I'll grant you that the standard does not technically guarantee that a uint32_t (or uint64_t) will actually be that many bytes, given that bit you quoted. But it's also worth noting that that same quotation says that it's exceedingly unusual. If performance is a concern, it's probably better to not access memory one byte at a time and instead assume (with very high safety) that you're not on that rather wacky machine architecture.
22 Jan, 2010, KaVir wrote in the 49th comment:
Votes: 0
David Haley said:
I'm not talking about size in memory, but performance.

Earlier in the thread you stated "If bools are one byte in size and not aligned, you will run into alignment issues there."

If you add padding bytes between your value bytes, it will increase the memory usage.

David Haley said:
I don't see where you're reading this.

"It took an average of 67,364 microseconds to execute this function. Now modify it to work on two bytes at a time instead of one byte at a time – which will halve the number of memory accesses."

"This function took 48,765 microseconds to process the same ten-megabyte buffer – 38% faster than Munge8. However, that buffer was aligned. If the buffer is unaligned, the time required increases to 66,385 microseconds – about a 27% speed penalty."

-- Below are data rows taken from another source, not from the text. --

lemma accepting_shape:
  assumes W: "word Sig W" and S: "S \<subseteq> nba_final_paths \<delta> Q0 F W" "S \<noteq> {}"
  shows "kdis_accepting (shape F S)"
proof (rule ccontr)
  have fS: "finite S" by (rule finite_if_final_paths[OF W S(1)])
  assume "\<not> kdis_accepting (shape F S)"
  then obtain n0 where n0: "\<forall>i\<ge>n0. shape F S i \<notin> kdis_F' Q k"
    by (auto simp: kdis_accepting_def infinite_nat_iff_unbounded_le)
  have "\<forall>p\<in>S. \<forall>i. p i \<in> Q"
    using S(1) nba_path_in_Q[OF W] by (auto simp: nba_final_paths_def)
  then have unflagged: "\<forall>i\<ge>n0. \<exists>p\<in>S. \<not> flag F S p i"
    using n0 shape_in_kstates[OF W S] bpp_shape_iff[OF fS]
    by (auto simp: kdis_F'_def bpp_def)
  have "\<forall>p\<in>S. \<exists>j\<ge>n0. p j \<in> F"
    using S(1) by (auto simp: nba_final_paths_def infinite_nat_iff_unbounded_le)
  then obtain J where J: "\<And>p. p \<in> S \<Longrightarrow> n0 \<le> J p \<and> p (J p) \<in> F" by metis
  define M where "M = Suc (Max (J ` S))"
  have "flag F S p M" if p: "p \<in> S" for p
  proof -
    have "flag F S p (Suc (J p))" using J[OF p] unflagged by simp
    moreover obtain d where "M = Suc (J p) + d"
      using fS p by (metis M_def Max_ge Suc_le_mono finite_imageI image_eqI le_Suc_ex)
    moreover have "\<forall>i\<ge>Suc (J p). \<exists>p'\<in>S. \<not> flag F S p' i" using unflagged J[OF p] by auto
    ultimately show ?thesis using flag_persists by metis
  qed
  moreover obtain p0 where "p0 \<in> S" using S(2) by blast
  then have "n0 \<le> M" using J fS by (metis M_def Max_ge finite_imageI image_eqI le_SucI order_trans)
  ultimately show False using unflagged by blast
qed

lemma kdis_run_shape:
  assumes W: "word Sig W" and S: "S \<subseteq> nba_final_paths \<delta> Q0 F W" "S \<noteq> {}"
  shows "kdis_run W (shape F S)"
proof -
  have P: "\<forall>p\<in>S. nba_path \<delta> Q0 W p" using S(1) by (auto simp: nba_final_paths_def)
  then have "kdis_alpha' Q Q0 (shape F S 0) \<noteq> 0"
    using kdis_alpha'_shape_0[OF S(2)] by (auto simp: nba_path_def)
  then show ?thesis
    using shape_in_kstates[OF W S] kdis_w_shape_nonzero[OF W finite_if_final_paths[OF W S(1)] P]
      shape_in_kstates[OF W S]
    by (simp add: kdis_run_def)
qed

end

lemma trunc_image_inverse_limit:
  assumes step: "\<And>j. trunc (N + j) ` X (Suc j) = X j"
    and fixed: "\<And>j x. x \<in> X j \<Longrightarrow> trunc (N + j) x = x"
  shows "trunc (N + j) ` {p. \<forall>j. trunc (N + j) p \<in> X j} = X j"
proof
  show "trunc (N + j) ` {p. \<forall>j. trunc (N + j) p \<in> X j} \<subseteq> X j" by blast
  have step_le: "trunc (N + j) ` X (j + d) = X j" for j d
  proof (induction d)
    case 0
    show ?case using fixed[of _ j] by force
  next
    case (Suc d)
    have "trunc (N + j) ` X (j + Suc d) = trunc (N + j) ` trunc (N + (j + d)) ` X (Suc (j + d))"
      by simp
    then show ?case using Suc.IH step by simp
  qed
  show "X j \<subseteq> trunc (N + j) ` {p. \<forall>j. trunc (N + j) p \<in> X j}"
  proof
    fix x assume x: "x \<in> X j"
    have "\<exists>ch. \<forall>i. (ch i \<in> X (j + i) \<and> trunc (N + j) (ch i) = x) \<and>
        trunc (N + j + i) (ch (Suc i)) = ch i"
    proof (rule dependent_nat_choice)
      show "\<exists>y. y \<in> X (j + 0) \<and> trunc (N + j) y = x" using x fixed by auto
      fix y i assume y: "y \<in> X (j + i) \<and> trunc (N + j) y = x"
      then obtain y' where y': "y' \<in> X (j + Suc i)" "trunc (N + j + i) y' = y"
        using step[of "j + i"] by (metis add.assoc add_Suc_right image_iff)
      then have "trunc (N + j) y' = x" using y trunc_trunc_le[of "N + j" "N + j + i" y'] by simp
      then show "\<exists>y'. (y' \<in> X (j + Suc i) \<and> trunc (N + j) y' = x) \<and> trunc (N + j + i) y' = y"
        using y' by blast
    qed
    then obtain ch where ch: "\<And>i. ch i \<in> X (j + i)" "\<And>i. trunc (N + j) (ch i) = x"
      and ch_step: "\<And>i. trunc (N + j + i) (ch (Suc i)) = ch i" by blast
    have ch_fixed: "trunc (N + j + i) (ch i) = ch i" for i
      using fixed[OF ch(1)] by (simp add: add.assoc)
    have ch_le: "trunc (N + j + i) (ch (i + d)) = ch i" for i d
    proof (induction d)
      case 0
      show ?case by (simp add: ch_fixed)
    next
      case (Suc d)
      have "trunc (N + j + i) (ch (i + Suc d)) = trunc (N + j + i) (trunc (N + j + (i + d)) (ch (Suc (i + d))))"
        by simp
      then show ?case using Suc.IH ch_step by simp
    qed
    define p where "p n = ch n n" for n
    have trunc_p: "trunc (N + j + i) p = ch i" for i
    proof
      fix n
      show "trunc (N + j + i) p n = ch i n"
      proof (cases "n \<le> N + j + i")
        case True
        have "ch n n = ch i n"
        proof (cases "n \<le> i")
          case True
          then show ?thesis using ch_le[of n "i - n"] trunc_apply[of n "N + j + n" "ch i"] by simp
        next
          case False
          then show ?thesis
            using ch_le[of i "n - i"] trunc_apply[OF \<open>n \<le> N + j + i\<close>, of "ch n"] by simp
        qed
        then show ?thesis using True by (simp add: p_def)
      next
        case False
        then show ?thesis
          using trunc_fixed_beyond[OF ch_fixed[of i]] by (simp add: trunc_def)
      qed
    qed
    have "trunc (N + j') p \<in> X j'" for j'
    proof (cases "j \<le> j'")
      case True
      then show ?thesis using trunc_p[of "j' - j"] ch(1)[of "j' - j"] by simp
    next
      case False
      then have "trunc (N + j') p = trunc (N + j') x"
        using trunc_p[of 0] ch(2)[of 0] ch_fixed[of 0] trunc_trunc_le[of "N + j'" "N + j" p] by simp
      moreover have "trunc (N + j') x \<in> trunc (N + j') ` X (j' + (j - j'))"
        using x False by simp
      ultimately show ?thesis using step_le[of j' "j - j'"] by simp
    qed
    moreover have "x = trunc (N + j) p" using trunc_p[of 0] ch(2)[of 0] ch_fixed[of 0] by simp
    ultimately show "x \<in> trunc (N + j) ` {p. \<forall>j. trunc (N + j) p \<in> X j}" by blast
  qed
qed

context nba_kdis
begin

lemma extensions_nonempty:
  assumes W: "word Sig W" and run: "kdis_run W \<rho>" and T: "forest W n T" and sh: "shape F T n = \<rho> n"
  shows "extensions W n T (\<rho> (Suc n)) \<noteq> {}"
  using card_extensions[OF W T] sh kdis_run_kstates[OF run] kdis_run_weight_nonzero[OF run, of n]
  by (metis card.empty)

lemma ex_forest_chain:
  assumes W: "word Sig W" and run: "kdis_run W \<rho>" and T: "forest W N T" and sh: "shape F T N = \<rho> N"
  obtains X where "X 0 = T" and "\<And>j. forest W (N + j) (X j)"
    and "\<And>j. X (Suc j) \<in> extensions W (N + j) (X j) (\<rho> (Suc (N + j)))"
proof -
  have "\<exists>X. \<forall>j. (forest W (N + j) (X j) \<and> shape F (X j) (N + j) = \<rho> (N + j) \<and> (j = 0 \<longrightarrow> X j = T)) \<and>
      X (Suc j) \<in> extensions W (N + j) (X j) (\<rho> (Suc (N + j)))"
  proof (rule dependent_nat_choice)
    show "\<exists>Y. forest W (N + 0) Y \<and> shape F Y (N + 0) = \<rho> (N + 0) \<and> (0 = 0 \<longrightarrow> Y = T)"
      using T sh by simp
    fix Y j assume Y: "forest W (N + j) Y \<and> shape F Y (N + j) = \<rho> (N + j) \<and> (j = 0 \<longrightarrow> Y = T)"
    then obtain Y' where "Y' \<in> extensions W (N + j) Y (\<rho> (Suc (N + j)))"
      using extensions_nonempty[OF W run] by blast
    then show "\<exists>Y'. (forest W (N + Suc j) Y' \<and> shape F Y' (N + Suc j) = \<rho> (N + Suc j) \<and>
        (Suc j = 0 \<longrightarrow> Y' = T)) \<and> Y' \<in> extensions W (N + j) Y (\<rho> (Suc (N + j)))"
      by (auto simp: extensions_def)
  qed
  then show ?thesis using that by blast
qed

lemma ex_witness_set_extending:
  assumes W: "word Sig W" and run: "kdis_run W \<rho>" and acc: "kdis_accepting \<rho>"
    and T: "forest W N T" and sh: "\<forall>i\<le>N. shape F T i = \<rho> i"
  shows "\<exists>S\<in>witness_sets W \<rho>. trunc N ` S = T"
proof -
  obtain X where X0: "X 0 = T" and X: "\<And>j. forest W (N + j) (X j)"
    and X_step: "\<And>j. X (Suc j) \<in> extensions W (N + j) (X j) (\<rho> (Suc (N + j)))"
    using ex_forest_chain[OF W run T] sh by blast
  define S where "S = {p. \<forall>j. trunc (N + j) p \<in> X j}"
  have S_trunc: "trunc (N + j) ` S = X j" for j
    unfolding S_def
    using X_step forest_trunc[OF X] by (intro trunc_image_inverse_limit) (auto simp: extensions_def)
  have S_N: "trunc N ` S = T" using S_trunc[of 0] X0 by simp
  have finite_trunc: "finite (trunc m ` S)" for m
    using S_trunc[of m] forest_finite[OF X] image_trunc_trunc[of m "N + m" S]
    by (metis finite_imageI le_add2)
  have shape_S: "shape F S m = \<rho> m" for m
  proof (cases "m \<le> N")
    case True
    then show ?thesis using shape_cong_le[OF S_N True] sh by simp
  next
    case False
    then obtain j where j: "m = N + Suc j" by (metis add_Suc_right less_imp_Suc_add not_le)
    then have "shape F S m = shape F (X (Suc j)) m"
      using shape_trunc_image[of F m S] S_trunc[of "Suc j"] by simp
    then show ?thesis using X_step[of j] j by (simp add: extensions_def)
  qed
  have path: "nba_path \<delta> Q0 W p" if p: "p \<in> S" for p
  proof -
    have "trunc N p \<in> T" using p S_N by blast
    then have "p 0 \<in> Q0" using T by (auto simp: forest_def)
    moreover have "p (Suc i) \<in> \<delta> (p i) (W i)" for i
    proof -
      have "trunc (N + Suc i) p \<in> X (Suc i)" using p unfolding S_def by blast
      then show ?thesis using X[of "Suc i"] by (auto simp: forest_def)
    qed
    ultimately show ?thesis by (simp add: nba_path_def)
  qed
  have in_Q: "p m \<in> Q" if "p \<in> S" for p m
    using nba_path_in_Q[OF W path[OF that]] .
  have acc_S: "infinite {m. shape F S m \<in> kdis_F' Q k}"
    using acc shape_S by (simp add: kdis_accepting_def)
  have "infinite {i. p i \<in> F}" if "p \<in> S" for p
    by (rule visits_F_infinitely_often[where S = S and Q = Q and k = k])
      (simp_all add: finite_trunc in_Q acc_S that)
  then have "S \<subseteq> nba_final_paths \<delta> Q0 F W" using path by (auto simp: nba_final_paths_def)
  moreover have "S \<noteq> {}"
  proof
    assume "S = {}"
    then have "shape F T N = (\<lambda>_. 0)" using S_N by (auto simp: shape_def)
    then show False using sh kdis_run_kstates[OF run, of N] by (auto simp: kstates_def)
  qed
  ultimately show ?thesis using shape_S S_N by (auto simp: witness_sets_def)
qed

So the second test was 38% faster…but it only made half as many memory accesses. If you're only interested in 1 bit, it's the speed of memory access that matters.
22 Jan, 2010, David Haley wrote in the 50th comment:
Votes: 0
KaVir said:
Earlier in the thread you stated "If bools are one byte in size and not aligned, you will run into alignment issues there."

If you add padding bytes between your value bytes, it will increase the memory usage.

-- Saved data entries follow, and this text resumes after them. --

lemma step_eventually_at_right:
  fixes c :: ereal
  shows "\<forall>\<^sub>F s in at_right t. (c \<le> ereal s) = (c \<le> ereal t)"
proof (cases "c \<le> ereal t")
  case True
  have "c \<le> ereal s" if "t < s" for s
  proof -
    have "ereal t \<le> ereal s" using that by simp
    then show ?thesis using True by (rule order_trans[rotated])
  qed
  then show ?thesis using True unfolding eventually_at_right_field by (intro exI[of _ "t + 1"]) auto
next
  case False
  then obtain z where z: "ereal t < ereal z" "ereal z < c" using ereal_dense2 not_le by metis
  have "\<not> c \<le> ereal s" if "s < z" for s
  proof -
    have "ereal s < ereal z" using that by simp
    then have "ereal s < c" using z(2) by (rule order.strict_trans)
    then show ?thesis by (simp add: not_le)
  qed
  then show ?thesis using False z(1) unfolding eventually_at_right_field by (intro exI[of _ z]) auto
qed

lemma step_eventually_at_left:
  fixes c :: ereal
  shows "\<exists>P. \<forall>\<^sub>F s in at_left t. (c \<le> ereal s) = P"
proof (cases "c < ereal t")
  case True
  then obtain z where z: "c < ereal z" "ereal z < ereal t" using ereal_dense2 by metis
  have "c \<le> ereal s" if "z < s" for s
  proof -
    have "ereal z < ereal s" using that by simp
    with z(1) have "c < ereal s" by (rule order.strict_trans)
    then show ?thesis by (rule less_imp_le)
  qed
  then have "\<forall>\<^sub>F s in at_left t. (c \<le> ereal s) = True"
    using z(2) unfolding eventually_at_left_field by (intro exI[of _ z]) auto
  then show ?thesis by blast
next
  case False
  have "\<not> c \<le> ereal s" if "s < t" for s
  proof -
    have "ereal s < ereal t" using that by simp
    moreover have "ereal t \<le> c" using False by (simp add: not_less)
    ultimately have "ereal s < c" by (rule order.strict_trans2)
    then show ?thesis by (simp add: not_le)
  qed
  then have "\<forall>\<^sub>F s in at_left t. (c \<le> ereal s) = False"
    unfolding eventually_at_left_field by (intro exI[of _ "t - 1"]) auto
  then show ?thesis by blast
qed

lemma cadlag_step:
  fixes c :: ereal and a b :: "'e::topological_space"
  shows "cadlag_Rplus (\<lambda>s. if c \<le> ereal s then a else b)"
  unfolding cadlag_Rplus_def
proof (intro conjI allI impI)
  fix t :: real
  have "\<forall>\<^sub>F s in at_right t. (if c \<le> ereal s then a else b) = (if c \<le> ereal t then a else b)"
    using step_eventually_at_right[of c t] by eventually_elim simp
  then show "continuous (at_right t) (\<lambda>s. if c \<le> ereal s then a else b)"
    unfolding continuous_within by (rule tendsto_eventually)
  obtain P where "\<forall>\<^sub>F s in at_left t. (c \<le> ereal s) = P" using step_eventually_at_left by blast
  then have "\<forall>\<^sub>F s in at_left t. (if c \<le> ereal s then a else b) = (if P then a else b)"
    by eventually_elim simp
  then show "\<exists>l. ((\<lambda>s. if c \<le> ereal s then a else b) \<longlongrightarrow> l) (at_left t)"
    by (blast intro: tendsto_eventually)
qed

lemma const_in_Dspace: "(\<lambda>_. \<Delta>) \<in> Dspace (\<Delta>::'e::metric_space)"
  using cadlag_step[of "\<infinity>" \<Delta> \<Delta>] unfolding Dspace_def by simp

lemma Hproc_in_Dspace:
  fixes \<Delta> :: "'e::metric_space"
  assumes "0 \<le> \<tau> l \<omega>"
  shows "Hproc \<Delta> \<tau> \<xi> l \<omega> \<in> Dspace \<Delta>"
proof -
  have "\<not> \<tau> l \<omega> \<le> ereal t" if "t < 0" for t
  proof -
    have "ereal t < 0" using that by simp
    then have "ereal t < \<tau> l \<omega>" using assms by (rule order.strict_trans2)
    then show ?thesis by (simp add: not_le)
  qed
  then show ?thesis unfolding Dspace_def Hproc_eq using cadlag_step[of "\<tau> l \<omega>" "\<xi> l \<omega>" \<Delta>] by simp
qed

lemma id_in_skor_Lambda: "(\<lambda>x. x) \<in> skor_Lambda"
  unfolding skor_Lambda_def
proof (intro CollectI conjI)
  show "strict_mono_on {0..} (\<lambda>x::real. x)" by (simp add: strict_mono_on_def)
  show "\<exists>C. C-lipschitz_on {0..} (\<lambda>x::real. x)" using lipschitz_on_id by blast
  have "{\<bar>ln (((s::real) - t) / (s - t))\<bar> | s t. 0 \<le> t \<and> t < s} \<subseteq> {0}" by auto
  then show "bdd_above {\<bar>ln (((s::real) - t) / (s - t))\<bar> | s t. 0 \<le> t \<and> t < s}"
    by (rule bdd_above_mono[rotated]) simp
qed simp

lemma skor_du_le_1: "skor_du x y l u \<le> 1"
  unfolding skor_du_def by (rule cSup_least) auto

lemma skor_du_ge:
  assumes "0 \<le> t"
  shows "min (dist (x (min t u)) (y (min (l t) u))) 1 \<le> skor_du x y l u"
  unfolding skor_du_def using assms by (intro cSup_upper bdd_aboveI[of _ 1]) auto

lemma skor_dist_const_ge:
  "enn2real (\<integral>\<^sup>+ u. ennreal (exp (- u) * skor_du y (\<lambda>_. c) (\<lambda>x. x) u) * indicator {0..} u \<partial>lborel)
     \<le> skor_dist y (\<lambda>_. c)"
  unfolding skor_dist_def
proof (rule cInf_greatest)
  show "{max (skor_gamma l) (enn2real (\<integral>\<^sup>+ u. ennreal (exp (- u) * skor_du y (\<lambda>_. c) l u)
      * indicator {0..} u \<partial>lborel)) | l. l \<in> skor_Lambda} \<noteq> {}"
    using id_in_skor_Lambda by blast
qed (auto simp: skor_du_def)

As I said in #48, I was talking about performance, not memory usage. Sorry for not making that clearer earlier. I thought we'd all been talking about performance all along, since Tonitrus was talking about speed.

To recontextualize, the initial claim that Elanthis and I objected to was:
Tonitrus said:
You waste a bunch of memory, but who cares, memory is much cheaper than processors, and accessing ints/bools is a lot faster than accessing bitfields, due to memory alignment issues and whatnot.

It seems that you have also suggested that this statement is incorrect, as you have just argued that reading things one byte at a time is faster than 4. You would have to further argue that the bitwise operator penalty is worse than the penalty for reading in the entire int over, say, a single byte.
22 Jan, 2010, Skol wrote in the 51st comment:
Votes: 0
I found an interesting read for me on memory access:(Btw thanks guys, learning is fun ;))
Data alignment: Straighten up and fly ri...

I was totally seeing memory just like they illustrated it, it was like seeing pictures of my thoughts vs what you were illustrating as far as bits. Nice ;).
22 Jan, 2010, Tonitrus wrote in the 52nd comment:
Votes: 0
I'm assuming that someone has misunderstood someone along the way, because trying to follow this all as one conversation keeps making my brain crash. Or possibly I'm stupid, whichever.

At any rate, what I was originally suggesting is to use bools/ints (I was mistakenly under the impression that they are the same) because you can just check the value and run with it without doing any bitwise operations on it. I don't know the speed of the instructions involved (or how the accessing of memory breaks down, instruction-wise), but that's half as many instructions (on our part) to read or write a value. True, it's 32x as much memory, but memory is much easier to expand/replace than processors.

Now, if you used individual bits in structs, it would either get padded out to at least a byte, or it would be kept as individual unaligned bits, I'm not sure which.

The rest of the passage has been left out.